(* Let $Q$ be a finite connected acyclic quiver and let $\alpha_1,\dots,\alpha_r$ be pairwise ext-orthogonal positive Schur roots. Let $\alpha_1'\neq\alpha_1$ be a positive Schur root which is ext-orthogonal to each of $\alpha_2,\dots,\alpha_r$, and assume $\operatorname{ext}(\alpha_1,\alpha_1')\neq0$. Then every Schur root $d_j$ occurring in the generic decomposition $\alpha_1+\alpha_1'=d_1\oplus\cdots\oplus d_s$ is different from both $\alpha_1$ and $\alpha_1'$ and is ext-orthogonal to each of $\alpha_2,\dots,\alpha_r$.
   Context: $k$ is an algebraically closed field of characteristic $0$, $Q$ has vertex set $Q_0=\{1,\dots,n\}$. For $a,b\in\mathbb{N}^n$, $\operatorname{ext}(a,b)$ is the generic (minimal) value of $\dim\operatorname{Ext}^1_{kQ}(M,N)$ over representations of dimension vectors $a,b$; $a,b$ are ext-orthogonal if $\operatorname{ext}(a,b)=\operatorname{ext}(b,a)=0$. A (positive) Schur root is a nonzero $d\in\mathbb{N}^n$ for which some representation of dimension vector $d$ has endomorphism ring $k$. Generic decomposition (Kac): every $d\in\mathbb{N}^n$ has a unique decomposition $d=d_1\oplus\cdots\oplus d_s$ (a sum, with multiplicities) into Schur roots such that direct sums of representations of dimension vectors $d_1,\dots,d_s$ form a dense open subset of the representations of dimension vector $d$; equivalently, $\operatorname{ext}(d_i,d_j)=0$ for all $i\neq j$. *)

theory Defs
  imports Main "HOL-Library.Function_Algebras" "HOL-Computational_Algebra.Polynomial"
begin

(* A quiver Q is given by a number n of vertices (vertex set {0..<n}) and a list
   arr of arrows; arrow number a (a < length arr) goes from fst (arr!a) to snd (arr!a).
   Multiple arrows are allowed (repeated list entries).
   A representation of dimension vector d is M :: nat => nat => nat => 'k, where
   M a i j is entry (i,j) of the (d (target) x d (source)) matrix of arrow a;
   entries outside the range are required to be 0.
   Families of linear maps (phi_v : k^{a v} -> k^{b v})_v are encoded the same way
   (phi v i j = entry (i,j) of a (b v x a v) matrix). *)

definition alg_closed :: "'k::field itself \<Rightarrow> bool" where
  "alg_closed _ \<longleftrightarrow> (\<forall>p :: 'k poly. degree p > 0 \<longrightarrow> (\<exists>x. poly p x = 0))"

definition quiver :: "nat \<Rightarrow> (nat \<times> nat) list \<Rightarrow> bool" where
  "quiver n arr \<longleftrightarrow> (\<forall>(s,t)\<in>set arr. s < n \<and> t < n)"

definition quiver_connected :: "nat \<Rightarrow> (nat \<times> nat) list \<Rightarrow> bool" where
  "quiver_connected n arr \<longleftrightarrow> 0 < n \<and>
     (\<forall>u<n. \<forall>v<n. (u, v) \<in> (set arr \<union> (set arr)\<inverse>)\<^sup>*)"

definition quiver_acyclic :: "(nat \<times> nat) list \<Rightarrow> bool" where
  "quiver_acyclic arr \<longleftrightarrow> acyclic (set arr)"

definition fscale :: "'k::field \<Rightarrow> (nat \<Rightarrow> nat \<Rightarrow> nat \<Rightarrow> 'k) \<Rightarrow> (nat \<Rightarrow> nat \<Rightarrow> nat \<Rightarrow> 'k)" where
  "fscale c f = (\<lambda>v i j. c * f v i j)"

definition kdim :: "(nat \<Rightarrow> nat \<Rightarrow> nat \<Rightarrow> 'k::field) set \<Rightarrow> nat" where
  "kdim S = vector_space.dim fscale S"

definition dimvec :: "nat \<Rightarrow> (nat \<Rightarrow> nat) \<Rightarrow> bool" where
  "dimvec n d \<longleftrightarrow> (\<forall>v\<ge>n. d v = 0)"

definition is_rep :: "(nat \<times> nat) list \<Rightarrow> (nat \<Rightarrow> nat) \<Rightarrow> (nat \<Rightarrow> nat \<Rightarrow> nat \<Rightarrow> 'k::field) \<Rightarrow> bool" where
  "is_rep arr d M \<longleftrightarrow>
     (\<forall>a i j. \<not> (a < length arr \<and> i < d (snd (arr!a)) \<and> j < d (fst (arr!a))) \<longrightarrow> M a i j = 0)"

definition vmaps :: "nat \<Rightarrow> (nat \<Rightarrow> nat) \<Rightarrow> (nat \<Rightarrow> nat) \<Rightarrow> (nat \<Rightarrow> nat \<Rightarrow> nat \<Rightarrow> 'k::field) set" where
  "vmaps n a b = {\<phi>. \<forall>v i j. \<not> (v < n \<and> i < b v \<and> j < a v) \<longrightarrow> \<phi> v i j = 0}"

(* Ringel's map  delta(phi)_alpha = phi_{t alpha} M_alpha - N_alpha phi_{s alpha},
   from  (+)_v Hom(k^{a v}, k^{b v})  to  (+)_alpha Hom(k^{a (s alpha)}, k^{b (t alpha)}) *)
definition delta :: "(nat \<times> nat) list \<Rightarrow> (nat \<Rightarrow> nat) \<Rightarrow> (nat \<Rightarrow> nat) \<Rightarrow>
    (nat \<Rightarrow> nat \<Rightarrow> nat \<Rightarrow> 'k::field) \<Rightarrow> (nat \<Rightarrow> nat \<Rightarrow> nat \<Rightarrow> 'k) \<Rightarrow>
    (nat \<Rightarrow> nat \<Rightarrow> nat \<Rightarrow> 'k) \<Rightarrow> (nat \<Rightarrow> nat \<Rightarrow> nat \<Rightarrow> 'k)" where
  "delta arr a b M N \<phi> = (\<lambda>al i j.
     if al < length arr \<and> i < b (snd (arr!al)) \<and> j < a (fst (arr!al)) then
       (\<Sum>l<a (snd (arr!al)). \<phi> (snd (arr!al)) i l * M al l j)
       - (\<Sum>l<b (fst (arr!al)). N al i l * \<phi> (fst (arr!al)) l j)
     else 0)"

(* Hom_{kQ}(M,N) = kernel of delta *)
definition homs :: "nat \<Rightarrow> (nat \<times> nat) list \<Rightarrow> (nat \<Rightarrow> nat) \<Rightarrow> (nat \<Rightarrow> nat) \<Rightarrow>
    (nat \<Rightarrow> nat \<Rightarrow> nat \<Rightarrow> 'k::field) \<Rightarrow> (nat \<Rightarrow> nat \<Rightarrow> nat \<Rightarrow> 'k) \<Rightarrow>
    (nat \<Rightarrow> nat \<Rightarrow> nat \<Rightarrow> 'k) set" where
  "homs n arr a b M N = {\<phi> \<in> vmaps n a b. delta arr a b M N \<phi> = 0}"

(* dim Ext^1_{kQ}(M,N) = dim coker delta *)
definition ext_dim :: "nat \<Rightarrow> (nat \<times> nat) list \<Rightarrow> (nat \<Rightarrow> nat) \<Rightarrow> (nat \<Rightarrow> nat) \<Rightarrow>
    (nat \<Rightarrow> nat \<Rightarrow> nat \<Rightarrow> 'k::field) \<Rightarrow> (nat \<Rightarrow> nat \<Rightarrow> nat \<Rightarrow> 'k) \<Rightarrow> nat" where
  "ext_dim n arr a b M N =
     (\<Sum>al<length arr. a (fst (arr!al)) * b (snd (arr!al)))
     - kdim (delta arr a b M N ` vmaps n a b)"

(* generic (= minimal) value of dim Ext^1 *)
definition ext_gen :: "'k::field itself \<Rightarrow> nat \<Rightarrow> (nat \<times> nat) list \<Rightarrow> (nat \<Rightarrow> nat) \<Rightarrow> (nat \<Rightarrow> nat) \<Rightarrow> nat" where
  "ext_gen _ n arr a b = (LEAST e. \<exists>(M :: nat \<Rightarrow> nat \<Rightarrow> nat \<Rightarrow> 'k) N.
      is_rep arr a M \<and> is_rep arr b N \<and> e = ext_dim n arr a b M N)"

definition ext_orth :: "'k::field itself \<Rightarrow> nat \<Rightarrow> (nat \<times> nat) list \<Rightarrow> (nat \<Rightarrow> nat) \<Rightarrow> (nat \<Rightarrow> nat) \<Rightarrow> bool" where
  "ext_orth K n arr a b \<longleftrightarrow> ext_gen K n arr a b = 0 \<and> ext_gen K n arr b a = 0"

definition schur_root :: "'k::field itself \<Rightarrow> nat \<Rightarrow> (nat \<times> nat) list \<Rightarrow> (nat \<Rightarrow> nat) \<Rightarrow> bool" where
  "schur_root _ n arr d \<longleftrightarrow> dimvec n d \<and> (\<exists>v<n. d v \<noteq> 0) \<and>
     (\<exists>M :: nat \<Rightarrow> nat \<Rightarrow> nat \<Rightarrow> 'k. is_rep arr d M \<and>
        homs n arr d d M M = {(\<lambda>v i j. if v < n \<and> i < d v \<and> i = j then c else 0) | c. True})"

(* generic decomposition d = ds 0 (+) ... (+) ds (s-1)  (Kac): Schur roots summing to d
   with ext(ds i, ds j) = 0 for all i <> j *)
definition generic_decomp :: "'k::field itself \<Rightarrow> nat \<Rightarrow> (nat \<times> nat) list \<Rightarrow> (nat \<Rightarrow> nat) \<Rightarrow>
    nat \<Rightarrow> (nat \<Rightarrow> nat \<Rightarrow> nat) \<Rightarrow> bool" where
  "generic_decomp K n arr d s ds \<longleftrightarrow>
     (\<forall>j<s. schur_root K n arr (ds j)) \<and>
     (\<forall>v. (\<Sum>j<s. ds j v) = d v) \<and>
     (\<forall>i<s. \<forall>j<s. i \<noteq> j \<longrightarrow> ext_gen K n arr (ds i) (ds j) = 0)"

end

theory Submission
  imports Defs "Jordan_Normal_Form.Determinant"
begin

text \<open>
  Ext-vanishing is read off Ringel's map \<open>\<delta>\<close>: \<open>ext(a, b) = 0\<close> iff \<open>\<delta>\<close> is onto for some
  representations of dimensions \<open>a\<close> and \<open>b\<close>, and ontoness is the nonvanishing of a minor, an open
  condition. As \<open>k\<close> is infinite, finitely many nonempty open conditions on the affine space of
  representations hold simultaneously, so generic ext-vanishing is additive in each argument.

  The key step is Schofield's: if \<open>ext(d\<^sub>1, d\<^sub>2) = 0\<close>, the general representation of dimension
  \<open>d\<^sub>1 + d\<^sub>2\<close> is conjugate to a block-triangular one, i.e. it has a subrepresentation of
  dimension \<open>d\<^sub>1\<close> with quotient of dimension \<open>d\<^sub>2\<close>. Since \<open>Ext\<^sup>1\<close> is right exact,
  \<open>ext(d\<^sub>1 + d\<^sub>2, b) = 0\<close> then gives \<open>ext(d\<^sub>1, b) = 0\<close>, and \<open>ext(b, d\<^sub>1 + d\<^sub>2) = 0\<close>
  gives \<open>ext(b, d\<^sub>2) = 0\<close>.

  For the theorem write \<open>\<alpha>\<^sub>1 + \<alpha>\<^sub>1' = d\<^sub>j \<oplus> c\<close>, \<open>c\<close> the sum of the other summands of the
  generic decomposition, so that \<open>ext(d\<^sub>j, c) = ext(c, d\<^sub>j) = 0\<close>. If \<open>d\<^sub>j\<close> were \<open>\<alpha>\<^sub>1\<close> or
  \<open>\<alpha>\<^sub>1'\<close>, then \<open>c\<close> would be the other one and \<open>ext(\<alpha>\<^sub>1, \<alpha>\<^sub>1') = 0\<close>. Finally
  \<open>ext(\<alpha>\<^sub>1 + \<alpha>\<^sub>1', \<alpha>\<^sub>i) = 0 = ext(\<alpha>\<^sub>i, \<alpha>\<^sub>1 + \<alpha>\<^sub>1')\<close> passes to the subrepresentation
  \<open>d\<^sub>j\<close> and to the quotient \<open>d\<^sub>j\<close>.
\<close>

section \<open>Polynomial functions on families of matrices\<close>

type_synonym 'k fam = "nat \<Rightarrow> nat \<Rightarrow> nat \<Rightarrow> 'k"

• [Problem statement]
Would you retype the lines above from the one with "nat \<Rightarrow> (nat \<Rightarrow> nat \<Rightarrow>" down to the one with "d\<^sub>1 + d\<^sub>2) = 0\<close>", word for word, both ends included and no other lines?

• [Output below]
    nat \<Rightarrow> (nat \<Rightarrow> nat \<Rightarrow> nat) \<Rightarrow> bool" where
  "generic_decomp K n arr d s ds \<longleftrightarrow>
     (\<forall>j<s. schur_root K n arr (ds j)) \<and>
     (\<forall>v. (\<Sum>j<s. ds j v) = d v) \<and>
     (\<forall>i<s. \<forall>j<s. i \<noteq> j \<longrightarrow> ext_gen K n arr (ds i) (ds j) = 0)"

end

theory Submission
  imports Defs "Jordan_Normal_Form.Determinant"
begin

text \<open>
  Ext-vanishing is read off Ringel's map \<open>\<delta>\<close>: \<open>ext(a, b) = 0\<close> iff \<open>\<delta>\<close> is onto for some
  representations of dimensions \<open>a\<close> and \<open>b\<close>, and ontoness is the nonvanishing of a minor, an open
  condition. As \<open>k\<close> is infinite, finitely many nonempty open conditions on the affine space of
  representations hold simultaneously, so generic ext-vanishing is additive in each argument.

  The key step is Schofield's: if \<open>ext(d\<^sub>1, d\<^sub>2) = 0\<close>, the general representation of dimension
  \<open>d\<^sub>1 + d\<^sub>2\<close> is conjugate to a block-triangular one, i.e. it has a subrepresentation of
  dimension \<open>d\<^sub>1\<close> with quotient of dimension \<open>d\<^sub>2\<close>. Since \<open>Ext\<^sup>1\<close> is right exact,
  \<open>ext(d\<^sub>1 + d\<^sub>2, b) = 0\<close> then gives \<open>ext(d\<^sub>1, b) = 0\<close>, and \<open>ext(b, d\<^sub>1 + d\<^sub>2) = 0\<close>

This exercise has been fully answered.